Güncelleme Tarihi:
Venüsya Yayınlarınca hayata geçirilen "İstanbul'a Değer Katanlar" etkinliğinin ilki, Yıldız'ın, İstanbul İl Milli Eğitim Müdürü olduğu dönemde başlaması için öncülüğünü yaptığı "Yazarlar Okullarda Projesi"nin ele alınmasıyla başladı.
Etkinlikte konuşan Yıldız, çalışmayla ortak bir değerin hayata geçirildiğini anlatarak, hayaller olmadan yaşamın devam ettiremeyeceğini söyledi.
Yıldız, hamuru temiz olan, arkasında samimi niyetlerin bulunduğu bir çalışmada, kritik dönemlerde art niyetli düşünceler olsa dahi işin kendi mecrasında yürüyebildiğini söyleyerek, "Bu benim tek başıma gayretim değil. Yapılan işin bence sahiciliğini, doğruluğunu gösteriyor, bu başarı. Yazarlarımız, yayıncılarım da bu projeye sahip çıktı. Eğer işe sahip çıkmamış, arkasında durmamış olsalardı bugünlere gelmemiş olacaktık" diye konuştu.
Birçok yazarı bu çalışma sayesinde tanıdığını dile getiren Yıldız, kendini projeden en kazançlı çıkan kişi olarak gördüğünü anlattı.
Projeden faydalanan çocukların, edebiyatın, sanatın ve ülkenin güzelliklerinin farkında olmasını dileyen Yıldız, şöyle devam etti:
"Yazarlar Okullarda Projesi, aslında bir değerler projesidir.

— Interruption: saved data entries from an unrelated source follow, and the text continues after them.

lemma walk_potential_attained:
  assumes "walk n G xs"
  obtains ys where "walk n G ys" "hd ys = hd xs" "last ys = last xs"
    "shifted_weight a l ys = walk_potential n G a l (hd xs) (last xs)"
proof -
  let ?W = "{ys. walk n G ys \<and> (hd ys = hd xs \<and> last ys = last xs) \<and> length ys \<le> n}"
  have "?W \<noteq> {}" using walk_shorten[OF closed_walks_nonpos assms] by blast
  moreover have "finite ?W" by (rule finite_walks)
  ultimately have "walk_potential n G a l (hd xs) (last xs) \<in> shifted_weight a l ` ?W"
    unfolding walk_potential_def by (intro Max_in finite_imageI) simp_all
  then show thesis using that by auto
qed

lemma walk_potential_edge:
  assumes "walk n G xs" "(last xs, y) \<in> G" "y \<in> {1..n}"
  shows "walk_potential n G a l (hd xs) (last xs) + a (last xs) y - l
         \<le> walk_potential n G a l (hd xs) y"
proof -
  obtain ys where ys: "walk n G ys" "hd ys = hd xs" "last ys = last xs"
      "shifted_weight a l ys = walk_potential n G a l (hd xs) (last xs)"
    using walk_potential_attained[OF assms(1)] by blast
  have ne: "ys \<noteq> []" using ys(1) by (simp add: walk_def)
  then have "walk n G (ys @ [y])" using ys(1,3) assms(2,3) by (simp add: walk_snoc_iff)
  then have "shifted_weight a l (ys @ [y]) \<le> walk_potential n G a l (hd xs) y"
    using shifted_weight_le_walk_potential ne ys(2) by fastforce
  moreover have "shifted_weight a l (ys @ [y]) = shifted_weight a l ys + a (last xs) y - l"
    using shifted_weight_snoc[OF ne] ys(3) by simp
  ultimately show ?thesis using ys(4) by linarith
qed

Bu proje artık topluma mal olmuştur. Bundan sonra kendi yürüyüşünü devam ettirecektir. Maliyeti sıfır olan bir iş yapıyoruz. İrade gösterdiğiniz zaman, bu süreç kendiliğinden ortaya çıkıyor. Her şey para değil. Proje kapsamında protokoller yaparak, yurt dışından ülkemize gelen yazarlarımızı öğrencilerimizle buluşturuyoruz. Projenin böyle birçok bileşeni var."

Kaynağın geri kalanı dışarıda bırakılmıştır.